Start of Block
lemma expectation_Pi_pmf_insert_bernoulli:
  fixes h :: "('a \<Rightarrow> bool) \<Rightarrow> real"
  assumes "finite A" "a \<notin> A" "0 \<le> p" "p \<le> 1"
  shows "measure_pmf.expectation (Pi_pmf (insert a A) False (\<lambda>_. bernoulli_pmf p)) h
    = p * measure_pmf.expectation (Pi_pmf A False (\<lambda>_. bernoulli_pmf p)) (\<lambda>f. h (f(a:=True)))
    + (1-p) * measure_pmf.expectation (Pi_pmf A False (\<lambda>_. bernoulli_pmf p)) (\<lambda>f. h (f(a:=False)))"
  using assms
  by (simp add: Pi_pmf_insert' map_pmf_def[symmetric], subst pmf_expectation_bind[where A=UNIV])
     (auto simp: finite_set_Pi_pmf_bernoulli UNIV_bool)

lemma expectation_Pi_pmf_bernoulli_all_true:
  fixes g :: "nat \<Rightarrow> real"
  assumes "finite I" "J \<subseteq> I" "0 \<le> p" "p \<le> 1"
  shows "measure_pmf.expectation (Pi_pmf I False (\<lambda>_. bernoulli_pmf p))
           (\<lambda>f. if \<forall>j\<in>J. f j then g (card {i\<in>I. f i}) else 0)
    = p ^ card J * measure_pmf.expectation (binomial_pmf (card I - card J) p) (\<lambda>m. g (m + card J))"
proof -
  have "finite J" using assms finite_subset by blast
  then show ?thesis
    using assms(1,2)
  proof (induction J arbitrary: I g)
    case empty
    then show ?case using assms by (simp add: binomial_pmf_altdef'[of I "card I" p False])
  next
    case (insert a J)
    define A where "A = I - {a}"
    have I: "I = insert a A" "a \<notin> A" "finite A" "J \<subseteq> A" and card_A: "card A = card I - 1"
      using insert by (auto simp: A_def)
    have card_upd: "card {i\<in>I. (f(a:=True)) i} = Suc (card {i\<in>A. f i})" for f
    proof -
      have "{i\<in>I. (f(a:=True)) i} = insert a {i\<in>A. f i}" using I by auto
      then show ?thesis using I by simp
    qed
    define h where "h = (\<lambda>f. if \<forall>j\<in>insert a J. f j then g (card {i\<in>I. f i}) else 0)"
    have "(\<lambda>f. h (f(a:=True))) = (\<lambda>f. if \<forall>j\<in>J. f j then g (Suc (card {i\<in>A. f i})) else 0)"
      using insert.hyps(2) unfolding h_def card_upd by (metis fun_upd_other insert_iff fun_upd_same)
    moreover have "(\<lambda>f. h (f(a:=False))) = (\<lambda>_. 0)"
      by (simp add: h_def)
    ultimately have "measure_pmf.expectation (Pi_pmf I False (\<lambda>_. bernoulli_pmf p)) h
      = p * measure_pmf.expectation (Pi_pmf A False (\<lambda>_. bernoulli_pmf p))
           (\<lambda>f. if \<forall>j\<in>J. f j then g (Suc (card {i\<in>A. f i})) else 0)"
      using I assms(3,4) by (simp add: expectation_Pi_pmf_insert_bernoulli)
    also have "\<dots> = p ^ card (insert a J)
        * measure_pmf.expectation (binomial_pmf (card I - card (insert a J)) p) (\<lambda>m. g (m + card (insert a J)))"
      using insert.IH[OF I(3,4), of "\<lambda>m. g (Suc m)"] insert.hyps card_A by simp
    finally show ?case unfolding h_def .
  qed
qed
(* Let $(\Omega,\mathcal F,\mu)$ be a measure space, $p\in[1,\infty)$ and $\mathscr A\subset L^p(\Omega,\mathcal F,\mu)$. The following are equivalent: (i) $\mathscr A$ is uniformly approximable in $L^p$; (ii) $\lim_{k\to\infty}\sup_{f\in\mathscr A}\mathrm{Var}_{p,k}(f)=0$. In this case, setting $r_\varepsilon(\mathscr A)=\min\{k\in\mathbb N:\ \sup_{f\in\mathscr A}\mathrm{Var}_{p,k}(f)\le\varepsilon\}$, one has $r_{2\varepsilon}(\mathscr A)\le N_{p,\varepsilon}(\mathscr A)\le r_\varepsilon(\mathscr A)+1$ for every $\varepsilon>0$. If moreover $\mu$ is finite, (i) and (ii) are equivalent to (iii) $\lim_{k\to\infty}\sup_{f\in\mathscr A}\mathrm{Var}_{p,k}(f,\Omega)=0$, and with $m_\varepsilon(\mathscr A)=\min\{k\in\mathbb N:\ \sup_{f\in\mathscr A}\mathrm{Var}_{p,k}(f,\Omega)\le\varepsilon\}$ one has $m_{2\varepsilon}(\mathscr A)\le r_{2\varepsilon}(\mathscr A)\le N_{p,\varepsilon}(\mathscr A)\le m_\varepsilon(\mathscr A)\le r_\varepsilon(\mathscr A)$ for all $\varepsilon>0$.
   Context: All measures are assumed not identically zero. $\mathscr G_{p,k}$ is the set of functions $\sum_{i=1}^l a_i\mathbf 1_{A_i}\in L^p$ with $l\le k$, $\{A_i\}$ a measurable partition of $\Omega$, $a_i\in\mathbb R$. $N_{p,\varepsilon}(\mathscr A)=\inf\{k\ge1:\ \forall f\in\mathscr A\ \exists h\in\mathscr G_{p,k},\ \|f-h\|_p\le\varepsilon\}$ ($\inf\emptyset=\infty$); $\mathscr A$ is uniformly approximable if this is finite for all $\varepsilon>0$. $p$-variation: for $f\in L^p$ and measurable $A$ with $\mu(A)<\infty$, $\mathrm{var}_p(f,A)^p=\frac1{\mu(A)}\int_{A\times A}|f(x)-f(y)|^p\,d\mu(x)d\mu(y)$ if $\mu(A)>0$ and $0$ otherwise; for a finite collection $\mathcal P=(A_i)$ of disjoint measurable sets of finite measure, $\mathrm{var}_p(f,\mathcal P)=(\sum_i\mathrm{var}_p(f,A_i)^p)^{1/p}$; $\mathrm{Var}_{p,k}(f,A)=\inf\{\mathrm{var}_p(f,\mathcal P):\ \mathcal P$ a measurable partition of $A$ with at most $k$ sets$\}$; $\mathrm{Var}_{p,k}(f)=\sup\{\mathrm{Var}_{p,k}(f,A):\ A\in\mathcal F,\ \mu(A)<\infty\}$. *)

theory Defs
  imports "HOL-Analysis.Analysis" "HOL-Library.Extended_Nat"
begin

text \<open>Functions f : Omega -> R in L^p (representatives; all notions below are
  invariant under a.e. equality).\<close>
definition in_Lp :: "'a measure \<Rightarrow> real \<Rightarrow> ('a \<Rightarrow> real) \<Rightarrow> bool" where
  "in_Lp M p f \<longleftrightarrow> f \<in> borel_measurable M \<and> integrable M (\<lambda>x. \<bar>f x\<bar> powr p)"

definition Lp_norm :: "'a measure \<Rightarrow> real \<Rightarrow> ('a \<Rightarrow> real) \<Rightarrow> real" where
  "Lp_norm M p f = (LINT x|M. \<bar>f x\<bar> powr p) powr (1 / p)"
End of Block
→ **Activity**
Extract every line above exactly as it stands.

→ **Problem solution**
lemma expectation_Pi_pmf_insert_bernoulli:
  fixes h :: "('a \<Rightarrow> bool) \<Rightarrow> real"
  assumes "finite A" "a \<notin> A" "0 \<le> p" "p \<le> 1"
  shows "measure_pmf.expectation (Pi_pmf (insert a A) False (\<lambda>_. bernoulli_pmf p)) h
    = p * measure_pmf.expectation (Pi_pmf A False (\<lambda>_. bernoulli_pmf p)) (\<lambda>f. h (f(a:=True)))
    + (1-p) * measure_pmf.expectation (Pi_pmf A False (\<lambda>_. bernoulli_pmf p)) (\<lambda>f. h (f(a:=False)))"
  using assms
  by (simp add: Pi_pmf_insert' map_pmf_def[symmetric], subst pmf_expectation_bind[where A=UNIV])
     (auto simp: finite_set_Pi_pmf_bernoulli UNIV_bool)

lemma expectation_Pi_pmf_bernoulli_all_true:
  fixes g :: "nat \<Rightarrow> real"
  assumes "finite I" "J \<subseteq> I" "0 \<le> p" "p \<le> 1"
  shows "measure_pmf.expectation (Pi_pmf I False (\<lambda>_. bernoulli_pmf p))
           (\<lambda>f. if \<forall>j\<in>J. f j then g (card {i\<in>I. f i}) else 0)
    = p ^ card J * measure_pmf.expectation (binomial_pmf (card I - card J) p) (\<lambda>m. g (m + card J))"
proof -
  have "finite J" using assms finite_subset by blast
  then show ?thesis
    using assms(1,2)
  proof (induction J arbitrary: I g)
    case empty
    then show ?case using assms by (simp add: binomial_pmf_altdef'[of I "card I" p False])
  next
    case (insert a J)
    define A where "A = I - {a}"
    have I: "I = insert a A" "a \<notin> A" "finite A" "J \<subseteq> A" and card_A: "card A = card I - 1"
      using insert by (auto simp: A_def)
    have card_upd: "card {i\<in>I. (f(a:=True)) i} = Suc (card {i\<in>A. f i})" for f
    proof -
      have "{i\<in>I. (f(a:=True)) i} = insert a {i\<in>A. f i}" using I by auto
      then show ?thesis using I by simp
    qed
    define h where "h = (\<lambda>f. if \<forall>j\<in>insert a J. f j then g (card {i\<in>I. f i}) else 0)"
    have "(\<lambda>f. h (f(a:=True))) = (\<lambda>f. if \<forall>j\<in>J. f j then g (Suc (card {i\<in>A. f i})) else 0)"
      using insert.hyps(2) unfolding h_def card_upd by (metis fun_upd_other insert_iff fun_upd_same)
    moreover have "(\<lambda>f. h (f(a:=False))) = (\<lambda>_. 0)"
      by (simp add: h_def)
    ultimately have "measure_pmf.expectation (Pi_pmf I False (\<lambda>_. bernoulli_pmf p)) h
      = p * measure_pmf.expectation (Pi_pmf A False (\<lambda>_. bernoulli_pmf p))
           (\<lambda>f. if \<forall>j\<in>J. f j then g (Suc (card {i\<in>A. f i})) else 0)"
      using I assms(3,4) by (simp add: expectation_Pi_pmf_insert_bernoulli)
    also have "\<dots> = p ^ card (insert a J)
        * measure_pmf.expectation (binomial_pmf (card I - card (insert a J)) p) (\<lambda>m. g (m + card (insert a J)))"
      using insert.IH[OF I(3,4), of "\<lambda>m. g (Suc m)"] insert.hyps card_A by simp
    finally show ?case unfolding h_def .
  qed
qed
(* Let $(\Omega,\mathcal F,\mu)$ be a measure space, $p\in[1,\infty)$ and $\mathscr A\subset L^p(\Omega,\mathcal F,\mu)$. The following are equivalent: (i) $\mathscr A$ is uniformly approximable in $L^p$; (ii) $\lim_{k\to\infty}\sup_{f\in\mathscr A}\mathrm{Var}_{p,k}(f)=0$. In this case, setting $r_\varepsilon(\mathscr A)=\min\{k\in\mathbb N:\ \sup_{f\in\mathscr A}\mathrm{Var}_{p,k}(f)\le\varepsilon\}$, one has $r_{2\varepsilon}(\mathscr A)\le N_{p,\varepsilon}(\mathscr A)\le r_\varepsilon(\mathscr A)+1$ for every $\varepsilon>0$. If moreover $\mu$ is finite, (i) and (ii) are equivalent to (iii) $\lim_{k\to\infty}\sup_{f\in\mathscr A}\mathrm{Var}_{p,k}(f,\Omega)=0$, and with $m_\varepsilon(\mathscr A)=\min\{k\in\mathbb N:\ \sup_{f\in\mathscr A}\mathrm{Var}_{p,k}(f,\Omega)\le\varepsilon\}$ one has $m_{2\varepsilon}(\mathscr A)\le r_{2\varepsilon}(\mathscr A)\le N_{p,\varepsilon}(\mathscr A)\le m_\varepsilon(\mathscr A)\le r_\varepsilon(\mathscr A)$ for all $\varepsilon>0$.
   Context: All measures are assumed not identically zero. $\mathscr G_{p,k}$ is the set of functions $\sum_{i=1}^l a_i\mathbf 1_{A_i}\in L^p$ with $l\le k$, $\{A_i\}$ a measurable partition of $\Omega$, $a_i\in\mathbb R$. $N_{p,\varepsilon}(\mathscr A)=\inf\{k\ge1:\ \forall f\in\mathscr A\ \exists h\in\mathscr G_{p,k},\ \|f-h\|_p\le\varepsilon\}$ ($\inf\emptyset=\infty$); $\mathscr A$ is uniformly approximable if this is finite for all $\varepsilon>0$. $p$-variation: for $f\in L^p$ and measurable $A$ with $\mu(A)<\infty$, $\mathrm{var}_p(f,A)^p=\frac1{\mu(A)}\int_{A\times A}|f(x)-f(y)|^p\,d\mu(x)d\mu(y)$ if $\mu(A)>0$ and $0$ otherwise; for a finite collection $\mathcal P=(A_i)$ of disjoint measurable sets of finite measure, $\mathrm{var}_p(f,\mathcal P)=(\sum_i\mathrm{var}_p(f,A_i)^p)^{1/p}$; $\mathrm{Var}_{p,k}(f,A)=\inf\{\mathrm{var}_p(f,\mathcal P):\ \mathcal P$ a measurable partition of $A$ with at most $k$ sets$\}$; $\mathrm{Var}_{p,k}(f)=\sup\{\mathrm{Var}_{p,k}(f,A):\ A\in\mathcal F,\ \mu(A)<\infty\}$. *)

theory Defs
  imports "HOL-Analysis.Analysis" "HOL-Library.Extended_Nat"
begin

text \<open>Functions f : Omega -> R in L^p (representatives; all notions below are
  invariant under a.e. equality).\<close>
definition in_Lp :: "'a measure \<Rightarrow> real \<Rightarrow> ('a \<Rightarrow> real) \<Rightarrow> bool" where
  "in_Lp M p f \<longleftrightarrow> f \<in> borel_measurable M \<and> integrable M (\<lambda>x. \<bar>f x\<bar> powr p)"

definition Lp_norm :: "'a measure \<Rightarrow> real \<Rightarrow> ('a \<Rightarrow> real) \<Rightarrow> real" where
  "Lp_norm M p f = (LINT x|M. \<bar>f x\<bar> powr p) powr (1 / p)"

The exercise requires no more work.